I was wrong. In fact, one of the most significant advantages of the virtual format is that it’s been more inclusive. People from overseas or the west coast have no jetlag to contend with. Those whose organizations are willing to cover their tuition but not their flights or hotels no longer face those financial obstacles. We had more mothers with young children participating than ever before.

This isn’t to say that we didn’t experience a real sense of loss from our inability to be together in person. But our program has many objectives and encompasses a broad swath of different activities, or “tasks.” Some of them, like those that have a tactical focus on design and team development, can be extremely effective online.

Moving forward, we’re planning to hold two of our four modules in person and two virtually. This is a different and, yes, more inclusive way of doing hybrid: Instead of having some people participate in person and some on screen, everyone will be on equal footing — maximizing each person’s contribution and the benefits of each medium.

6. Does my facilitator have the skills and tech setup to pull off a hybrid gathering?

In the early days of office openings, there’s a strong temptation to hold in-person meetings with a hybrid option for those working remotely. This can be an excellent solution when done well, allowing everyone to show up from the place where they feel most comfortable. But there are special skills involved in facilitating a hybrid meeting. Done incorrectly, you can end up sidelining and even alienating remote participants.
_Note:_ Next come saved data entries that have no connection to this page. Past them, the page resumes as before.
(* Let $F$ be a field and let $f=\sum_{\sigma\in S_d}\lambda_\sigma x_{\sigma(1)}\cdots x_{\sigma(d)}\in F\langle X\rangle$ be a multilinear polynomial of degree $d\ge 2$ with $\sum_{\sigma\in S_d}\lambda_\sigma\neq 0$. Let $\mathcal A$ be a unital $F$-algebra and let $\phi:\mathcal A\to\mathcal A$ be a linear map that preserves zeros of $f$ and satisfies $\phi(1)\in F^*\cdot 1$. If $a,b\in\mathcal A$ satisfy $ab=ba=0$, then $\phi(a)\phi(b)+\phi(b)\phi(a)=0$.
   Context: $F\langle X\rangle$ is the free algebra over $F$ in noncommuting indeterminates $x_1,x_2,\ldots$. A map $\phi$ on an $F$-algebra $\mathcal A$ preserves zeros of $f$ if for all $a_1,\ldots,a_d\in\mathcal A$, $f(a_1,\ldots,a_d)=0$ implies $f(\phi(a_1),\ldots,\phi(a_d))=0$. *)

theory Defs
  imports "HOL-Combinatorics.Permutations"
begin

definition unital_algebra :: "('f::field \<Rightarrow> 'a::ring_1 \<Rightarrow> 'a) \<Rightarrow> bool" where
  "unital_algebra smul \<longleftrightarrow>
     (\<forall>c x y. smul c (x + y) = smul c x + smul c y) \<and>
     (\<forall>c e x. smul (c + e) x = smul c x + smul e x) \<and>
     (\<forall>c e x. smul c (smul e x) = smul (c * e) x) \<and>
     (\<forall>x. smul 1 x = x) \<and>
     (\<forall>c x y. smul c (x * y) = smul c x * y) \<and>
     (\<forall>c x y. smul c (x * y) = x * smul c y)"

definition linear_map :: "('f::field \<Rightarrow> 'a::ring_1 \<Rightarrow> 'a) \<Rightarrow> ('a \<Rightarrow> 'a) \<Rightarrow> bool" where
  "linear_map smul \<phi> \<longleftrightarrow>
     (\<forall>x y. \<phi> (x + y) = \<phi> x + \<phi> y) \<and> (\<forall>c x. \<phi> (smul c x) = smul c (\<phi> x))"

text \<open>Evaluation of the multilinear polynomial
 f = sum over sigma in S_d of lam sigma * x_{sigma(0)} ... x_{sigma(d-1)}
 (variables indexed 0..d-1) at the tuple a(0),...,a(d-1).\<close>
definition mlin_eval ::
  "('f::field \<Rightarrow> 'a::ring_1 \<Rightarrow> 'a) \<Rightarrow> nat \<Rightarrow> ((nat \<Rightarrow> nat) \<Rightarrow> 'f) \<Rightarrow> (nat \<Rightarrow> 'a) \<Rightarrow> 'a" where
  "mlin_eval smul d lam a =
     (\<Sum>\<sigma>\<in>{\<sigma>. \<sigma> permutes {..<d}}. smul (lam \<sigma>) (prod_list (map (\<lambda>i. a (\<sigma> i)) [0..<d])))"

definition preserves_zeros ::
  "('f::field \<Rightarrow> 'a::ring_1 \<Rightarrow> 'a) \<Rightarrow> nat \<Rightarrow> ((nat \<Rightarrow> nat) \<Rightarrow> 'f) \<Rightarrow> ('a \<Rightarrow> 'a) \<Rightarrow> bool" where
  "preserves_zeros smul d lam \<phi> \<longleftrightarrow>
     (\<forall>a. mlin_eval smul d lam a = 0 \<longrightarrow> mlin_eval smul d lam (\<lambda>i. \<phi> (a i)) = 0)"

end

theory Submission
  imports Defs
begin

(* Substitute x into variable 0, y into variable 1 and the scalar c*1 into every
   other variable of the multilinear polynomial f.  In the monomial of sigma, the scalars pull
   out and what remains is x*y or y*x according to whether x occurs before y, i.e. whether
   inv sigma 0 < inv sigma 1.  Hence
       f(x, y, c1, ..., c1) = c^(d-2) (alpha xy + beta yx),
   where alpha, beta are the sums of the coefficients of the two kinds of monomials and
   alpha + beta is the (nonzero) sum of all coefficients.
   If xy = yx = 0 this vanishes (taking c = 1); since phi(1) = c1 with c nonzero, zero
   preservation gives alpha phi(x)phi(y) + beta phi(y)phi(x) = 0.  Applying this to (a,b) and
   to (b,a) and adding yields (alpha + beta)(phi(a)phi(b) + phi(b)phi(a)) = 0.
   Of phi only the value phi(1) enters the argument. *)

lemma unital_algebra_rules:
  assumes "unital_algebra smul"
  shows smul_one_mult: "\<And>c z. smul c 1 * z = smul c z"
    and mult_smul_right: "\<And>e z w. z * smul e w = smul e (z * w)"
    and mult_smul_left: "\<And>e z w. smul e z * w = smul e (z * w)"
    and smul_zero_left: "\<And>z. smul 0 z = 0"
    and smul_zero_right: "\<And>c. smul c 0 = 0"
    and smul_smul: "\<And>c e z. smul c (smul e z) = smul (c * e) z"
    and smul_one: "\<And>z. smul 1 z = z"
    and smul_add_left: "\<And>c e z. smul (c + e) z = smul c z + smul e z"
    and smul_add_right: "\<And>c z w. smul c (z + w) = smul c z + smul c w"
proof -
  note u = assms[unfolded unital_algebra_def]
  show "\<And>c z. smul c 1 * z = smul c z" by (metis u mult_1_left)
  show "\<And>z. smul 0 z = 0" "\<And>c. smul c 0 = 0" by (metis u add_cancel_right_right add_0)+
  show "\<And>e z w. z * smul e w = smul e (z * w)" "\<And>e z w. smul e z * w = smul e (z * w)"
    "\<And>c e z. smul c (smul e z) = smul (c * e) z" "\<And>z. smul 1 z = z"
    "\<And>c e z. smul (c + e) z = smul c z + smul e z" "\<And>c z w. smul c (z + w) = smul c z + smul c w"
    using u by auto
qed

lemma smul_eq_zero_cancel:
  assumes ua: "unital_algebra smul" and "c \<noteq> 0" and "smul c z = 0"
  shows "z = 0"
proof -
  have "z = smul (inverse c * c) z" using \<open>c \<noteq> 0\<close> by (simp add: smul_one[OF ua])
  also have "\<dots> = smul (inverse c) (smul c z)" by (simp add: smul_smul[OF ua])
  finally show ?thesis using \<open>smul c z = 0\<close> by (simp add: smul_zero_right[OF ua])
qed

lemma smul_commute:
  assumes "unital_algebra smul"
  shows "smul p (smul q z) = smul q (smul p z)"
  by (metis smul_smul[OF assms] mult.commute)

lemma smul_sum_left:
  assumes "unital_algebra smul" "finite A"
  shows "smul (\<Sum>x\<in>A. g x) z = (\<Sum>x\<in>A. smul (g x) z)"
  using assms(2)
  by (induction A rule: finite_induct)
     (auto simp: smul_zero_left[OF assms(1)] smul_add_left[OF assms(1)])

lemma smul_sum_right:
  assumes "unital_algebra smul" "finite A"
  shows "smul c (\<Sum>x\<in>A. g x) = (\<Sum>x\<in>A. smul c (g x))"
  using assms(2)
  by (induction A rule: finite_induct)
     (auto simp: smul_zero_right[OF assms(1)] smul_add_right[OF assms(1)])

lemma prod_list_scalar_factors:
  assumes ua: "unital_algebra smul"
    and scalar: "\<And>k. k \<notin> S \<Longrightarrow> h k = smul c 1"
  shows "prod_list (map h xs) = smul (c ^ length (filter (\<lambda>k. k \<notin> S) xs))
            (prod_list (map h (filter (\<lambda>k. k \<in> S) xs)))"
proof (induction xs)
  case Nil
  then show ?case by (simp add: smul_one[OF ua])
next
  case (Cons k xs)
  then show ?case
    using scalar[of k]
    by (cases "k \<in> S")
       (simp_all add: mult_smul_right[OF ua] smul_one_mult[OF ua] smul_smul[OF ua] mult.commute)
qed

lemma filter_two_positions:
  assumes "i < d" "j < d" "i \<noteq> j"
  shows "filter (\<lambda>k. k \<in> {i, j}) [0..<d] = (if i < j then [i, j] else [j, i])"
    and "length (filter (\<lambda>k. k \<notin> {i, j}) [0..<d]) = d - 2"
proof -
  show filt: "filter (\<lambda>k. k \<in> {i, j}) [0..<d] = (if i < j then [i, j] else [j, i])"
  proof (rule sorted_distinct_set_unique)
    show "sorted (filter (\<lambda>k. k \<in> {i, j}) [0..<d])"
      using sorted_upt sorted_wrt_filter by blast
  qed (use assms in auto)
  have "length (filter (\<lambda>k. k \<in> {i, j}) [0..<d])
      + length (filter (\<lambda>k. k \<notin> {i, j}) [0..<d]) = d"
    by (metis sum_length_filter_compl length_upt minus_nat.diff_0)
  then show "length (filter (\<lambda>k. k \<notin> {i, j}) [0..<d]) = d - 2"
    unfolding filt by (simp split: if_splits)
qed

definition two_point :: "('f \<Rightarrow> 'a::ring_1 \<Rightarrow> 'a) \<Rightarrow> 'f \<Rightarrow> 'a \<Rightarrow> 'a \<Rightarrow> nat \<Rightarrow> 'a" where
  "two_point smul c x y = (\<lambda>k. if k = 0 then x else if k = 1 then y else smul c 1)"

text \<open>The sums of the coefficients of the monomials in which x_0 precedes x_1, resp.
  x_1 precedes x_0.\<close>

definition coeff_01 :: "nat \<Rightarrow> ((nat \<Rightarrow> nat) \<Rightarrow> 'f::field) \<Rightarrow> 'f" where
  "coeff_01 d lam = (\<Sum>\<sigma>\<in>{\<sigma>. \<sigma> permutes {..<d} \<and> inv \<sigma> 0 < inv \<sigma> 1}. lam \<sigma>)"

definition coeff_10 :: "nat \<Rightarrow> ((nat \<Rightarrow> nat) \<Rightarrow> 'f::field) \<Rightarrow> 'f" where
  "coeff_10 d lam = (\<Sum>\<sigma>\<in>{\<sigma>. \<sigma> permutes {..<d} \<and> \<not> inv \<sigma> 0 < inv \<sigma> 1}. lam \<sigma>)"

lemma coeff_01_plus_10:
  "coeff_01 d lam + coeff_10 d lam = (\<Sum>\<sigma>\<in>{\<sigma>. \<sigma> permutes {..<d}}. lam \<sigma>)"
proof -
  have "(\<Sum>\<sigma>\<in>{\<sigma>. \<sigma> permutes {..<d}}. lam \<sigma>) =
      (\<Sum>\<sigma>\<in>{\<sigma>. \<sigma> permutes {..<d}}. if inv \<sigma> 0 < inv \<sigma> 1 then lam \<sigma> else lam \<sigma>)"
    by simp
  also have "\<dots> = coeff_01 d lam + coeff_10 d lam"
    using finite_permutations[OF finite_lessThan] unfolding coeff_01_def coeff_10_def
    by (simp only: sum.If_cases) (simp add: Int_def conj_commute)
  finally show ?thesis by simp
qed

lemma monomial_two_point:
  assumes ua: "unital_algebra smul" and d: "d \<ge> 2" and sp: "\<sigma> permutes {..<d}"
  shows "prod_list (map (\<lambda>i. two_point smul c x y (\<sigma> i)) [0..<d]) =
      smul (c ^ (d - 2)) (if inv \<sigma> 0 < inv \<sigma> 1 then x * y else y * x)"
proof -
  define i where "i = inv \<sigma> 0"
  define j where "j = inv \<sigma> 1"
  have si: "\<sigma> i = 0" "\<sigma> j = 1"
    unfolding i_def j_def using permutes_inverses(1)[OF sp] by auto
  have ij: "i < d" "j < d" "i \<noteq> j"
  proof -
    show "i < d" "j < d"
      unfolding i_def j_def using permutes_in_image[OF permutes_inv[OF sp]] d by simp_all
    show "i \<noteq> j" using si by auto
  qed
  have scalar: "two_point smul c x y (\<sigma> k) = smul c 1" if "k \<notin> {i, j}" for k
  proof -
    have "\<sigma> k \<noteq> \<sigma> i" "\<sigma> k \<noteq> \<sigma> j"
      using that inj_eq[OF permutes_inj[OF sp]] by auto
    then show ?thesis unfolding si by (simp add: two_point_def)
  qed
  have "prod_list (map (\<lambda>k. two_point smul c x y (\<sigma> k)) [0..<d]) = smul (c ^ (d - 2))
      (prod_list (map (\<lambda>k. two_point smul c x y (\<sigma> k)) (if i < j then [i, j] else [j, i])))"
    using prod_list_scalar_factors[OF ua, where S = "{i, j}" and xs = "[0..<d]", OF scalar]
    unfolding filter_two_positions[OF ij] .
  then show ?thesis
    unfolding i_def[symmetric] j_def[symmetric] using si by (simp add: two_point_def)
qed

lemma mlin_eval_two_point:
  assumes ua: "unital_algebra smul" and d: "d \<ge> 2"
  shows "mlin_eval smul d lam (two_point smul c x y) =
     smul (c ^ (d - 2)) (smul (coeff_01 d lam) (x * y) + smul (coeff_10 d lam) (y * x))"
proof -
  let ?P = "{\<sigma>. \<sigma> permutes {..<d}}"
  have fin: "finite ?P" by (simp add: finite_permutations)
  have "mlin_eval smul d lam (two_point smul c x y) =
      (\<Sum>\<sigma>\<in>?P. smul (lam \<sigma>) (smul (c ^ (d - 2)) (if inv \<sigma> 0 < inv \<sigma> 1 then x * y else y * x)))"
    unfolding mlin_eval_def by (rule sum.cong) (auto simp: monomial_two_point[OF ua d])
  also have "\<dots> = smul (c ^ (d - 2))
      (\<Sum>\<sigma>\<in>?P. if inv \<sigma> 0 < inv \<sigma> 1 then smul (lam \<sigma>) (x * y) else smul (lam \<sigma>) (y * x))"
    unfolding smul_sum_right[OF ua fin]
    by (rule sum.cong) (auto simp: smul_commute[OF ua, of "lam _"])
  also have "(\<Sum>\<sigma>\<in>?P. if inv \<sigma> 0 < inv \<sigma> 1 then smul (lam \<sigma>) (x * y) else smul (lam \<sigma>) (y * x))
      = smul (coeff_01 d lam) (x * y) + smul (coeff_10 d lam) (y * x)"
    using fin unfolding coeff_01_def coeff_10_def
    by (simp add: sum.If_cases Int_def conj_commute smul_sum_left[OF ua])
  finally show ?thesis .
qed

text \<open>For xy = yx = 0 the tuple (x, y, 1, ..., 1) is a zero of f; its image under phi is the
  tuple (phi x, phi y, c1, ...), and cancelling c^(d-2) leaves the asymmetric relation below.\<close>

lemma preserves_zeros_zero_product:
  assumes ua: "unital_algebra smul" and d: "d \<ge> 2"
    and pz: "preserves_zeros smul d lam \<phi>"
    and c: "c \<noteq> 0" "\<phi> 1 = smul c 1"
    and xy: "x * y = 0" "y * x = 0"
  shows "smul (coeff_01 d lam) (\<phi> x * \<phi> y) + smul (coeff_10 d lam) (\<phi> y * \<phi> x) = 0"
proof -
  have "mlin_eval smul d lam (two_point smul 1 x y) = 0"
    unfolding mlin_eval_two_point[OF ua d] using xy by (simp add: unital_algebra_rules[OF ua])
  then have "mlin_eval smul d lam (\<lambda>i. \<phi> (two_point smul 1 x y i)) = 0"
    using pz unfolding preserves_zeros_def by blast
  moreover have "(\<lambda>i. \<phi> (two_point smul 1 x y i)) = two_point smul c (\<phi> x) (\<phi> y)"
    using c(2) by (auto simp: two_point_def smul_one[OF ua])
  ultimately have scaled: "smul (c ^ (d - 2))
      (smul (coeff_01 d lam) (\<phi> x * \<phi> y) + smul (coeff_10 d lam) (\<phi> y * \<phi> x)) = 0"
    by (simp add: mlin_eval_two_point[OF ua d])
  show ?thesis
    using smul_eq_zero_cancel[OF ua _ scaled] c(1) by simp
qed

theorem lemma3p1:
  fixes smul :: "'f::field \<Rightarrow> 'a::ring_1 \<Rightarrow> 'a"
    and d :: nat and lam :: "(nat \<Rightarrow> nat) \<Rightarrow> 'f" and \<phi> :: "'a \<Rightarrow> 'a"
    and a b :: 'a
  assumes "unital_algebra smul"
    and "d \<ge> 2"
    and "(\<Sum>\<sigma>\<in>{\<sigma>. \<sigma> permutes {..<d}}. lam \<sigma>) \<noteq> 0"
    and "linear_map smul \<phi>"
    and "preserves_zeros smul d lam \<phi>"
    and "\<exists>c. c \<noteq> 0 \<and> \<phi> 1 = smul c 1"
    and "a * b = 0" and "b * a = 0"
  shows "\<phi> a * \<phi> b + \<phi> b * \<phi> a = 0"
proof -
  note ua = assms(1)
  obtain c where c: "c \<noteq> 0" "\<phi> 1 = smul c 1" using assms(6) by blast
  let ?\<alpha> = "coeff_01 d lam" and ?\<beta> = "coeff_10 d lam"
  have ab: "smul ?\<alpha> (\<phi> a * \<phi> b) + smul ?\<beta> (\<phi> b * \<phi> a) = 0"
    and ba: "smul ?\<alpha> (\<phi> b * \<phi> a) + smul ?\<beta> (\<phi> a * \<phi> b) = 0"
    using preserves_zeros_zero_product[OF ua assms(2,5) c] assms(7,8) by blast+
  have "smul (?\<alpha> + ?\<beta>) (\<phi> a * \<phi> b + \<phi> b * \<phi> a) =
      (smul ?\<alpha> (\<phi> a * \<phi> b) + smul ?\<beta> (\<phi> b * \<phi> a))
      + (smul ?\<alpha> (\<phi> b * \<phi> a) + smul ?\<beta> (\<phi> a * \<phi> b))"
    by (simp add: smul_add_left[OF ua] smul_add_right[OF ua] algebra_simps)
  then have "smul (?\<alpha> + ?\<beta>) (\<phi> a * \<phi> b + \<phi> b * \<phi> a) = 0"
    using ab ba by simp
  moreover have "?\<alpha> + ?\<beta> \<noteq> 0"
    using assms(3) by (simp add: coeff_01_plus_10)
  ultimately show ?thesis by (rule smul_eq_zero_cancel[OF ua, rotated])
qed

end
Skilled hybrid facilitators know how to make Zoom participants feel like full participants. They establish clear protocols for all participants to offer input. They make direct eye contact not only with those in the room, but also with the camera.

Technology and preparation are also key. Pre-Covid, one of my colleagues showed up at a New York City hotel, energized for the fully in-person gathering she thought she was about to lead. Only when she arrived did she realize that a handful of participants would be joining online. She tried her best to improvise, but she’d designed a physically active program that involved moving around the room. It didn’t immediately translate to a virtual environment — at least not with the technology available. By the end of the day, the in-person participants were fully engaged, but every single virtual participant’s camera was off.

Until those running your meetings hone their skills in the art of hybrid facilitation and have the technology to support them, consider holding an entirely virtual meeting, even if many participants are Zooming in from the office.

Given all that we’ve overcome throughout the past 15 months, it would be a shame if we didn’t take advantage of every single hard-earned pearl of wisdom around work, life, and the nexus of the two. Let’s harness our new perspectives on time, technology, and togetherness to rethink how we work — and specifically, how we gather.